Most Dutch renaissance buildings that were originally located along the Lange Voorhout were replaced in the 18th century. As a result, the houses along the Lange Voorhout today are predominantly 18th century, or constructed in the 19th or 20th century in an 18th-century style.
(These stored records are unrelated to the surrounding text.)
text \<open>Pointwise \<open>f \<le> f\<^sup>2 / (2t) + t / 2\<close> for every \<open>t > s\<close>; then let \<open>t\<close> decrease to \<open>s\<close>.\<close>
lemma nn_integral_le_of_integral_square_le:
  fixes Q :: "'a measure" and f :: "'a \<Rightarrow> real"
  assumes Q: "prob_space Q" and f_sq: "integrable Q (\<lambda>x. (f x)\<^sup>2)"
    and second_moment: "integral\<^sup>L Q (\<lambda>x. (f x)\<^sup>2) \<le> s\<^sup>2" and s: "0 \<le> s"
  shows "(\<integral>\<^sup>+ x. ennreal (f x) \<partial>Q) \<le> ennreal s"
proof (rule ennreal_le_epsilon)
  interpret Q: prob_space Q by fact
  fix e :: real assume e: "0 < e"
  define t where "t = s + e"
  have t: "0 < t" using s e by (simp add: t_def)
  have am_gm: "f x \<le> (f x)\<^sup>2 / (2 * t) + t / 2" for x
  proof -
    have "2 * t * f x \<le> (f x)\<^sup>2 + t\<^sup>2"
      using zero_le_power2[of "f x - t"] by (simp add: power2_eq_square algebra_simps)
    then show ?thesis using t by (simp add: field_simps power2_eq_square)
  qed
  have "(\<integral>\<^sup>+ x. ennreal (f x) \<partial>Q) \<le> (\<integral>\<^sup>+ x. ennreal ((f x)\<^sup>2 / (2 * t) + t / 2) \<partial>Q)"
    by (intro nn_integral_mono ennreal_leI am_gm)
  also have "\<dots> = ennreal (integral\<^sup>L Q (\<lambda>x. (f x)\<^sup>2) / (2 * t) + t / 2)"
    using f_sq t by (subst nn_integral_eq_integral) (auto simp: Q.prob_space)
  also have "\<dots> \<le> ennreal (s + e)"
  proof (rule ennreal_leI)
    have "integral\<^sup>L Q (\<lambda>x. (f x)\<^sup>2) / (2 * t) \<le> s\<^sup>2 / (2 * t)"
      using second_moment t by (simp add: divide_right_mono)
    also have "\<dots> \<le> s / 2"
      using s t e by (simp add: field_simps power2_eq_square t_def mult_left_mono)
    finally show "integral\<^sup>L Q (\<lambda>x. (f x)\<^sup>2) / (2 * t) + t / 2 \<le> s + e"
      using e by (simp add: t_def field_simps)
  qed
  finally show "(\<integral>\<^sup>+ x. ennreal (f x) \<partial>Q) \<le> ennreal s + ennreal e"
    using s e by (simp flip: ennreal_plus)
qed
Most of them are Rijksmonumenten.

The street is home to a great many institutions and monuments, including:

- The Kloosterkerk, a 14th-century minster (No. 2)
- Ambassadorial Residence of Sweden (No. 28)
- Huis Huguetan (No. 34–36)
- Hotel des Indes (No. 54–56)
- Lange Voorhout Palace, today housing the Escher Museum (No. 74)
- The Parliamentary Documentation Centre (PDC UL) (No. 86)
- The learned society Diligentia
- Pulchri Studio, an art institution and studio
- Embassies of United Kingdom, Spain and Switzerland
- A monument commemorating Prince Bernhard of Saxe-Weimar-Eisenach, constructed in 1864, near the south-eastern end

Huis Huguetan at 34–36 was once the home of the Koninklijke Bibliotheek (Royal Library of the Netherlands, and subsequently (1988 to 2016) the Supreme Court of the Netherlands. In 2016 the court moved into a new building at Korte Voorhout 8.

The former Michelin-starred restaurants Saur and Royal used to be on Lange Voorhout.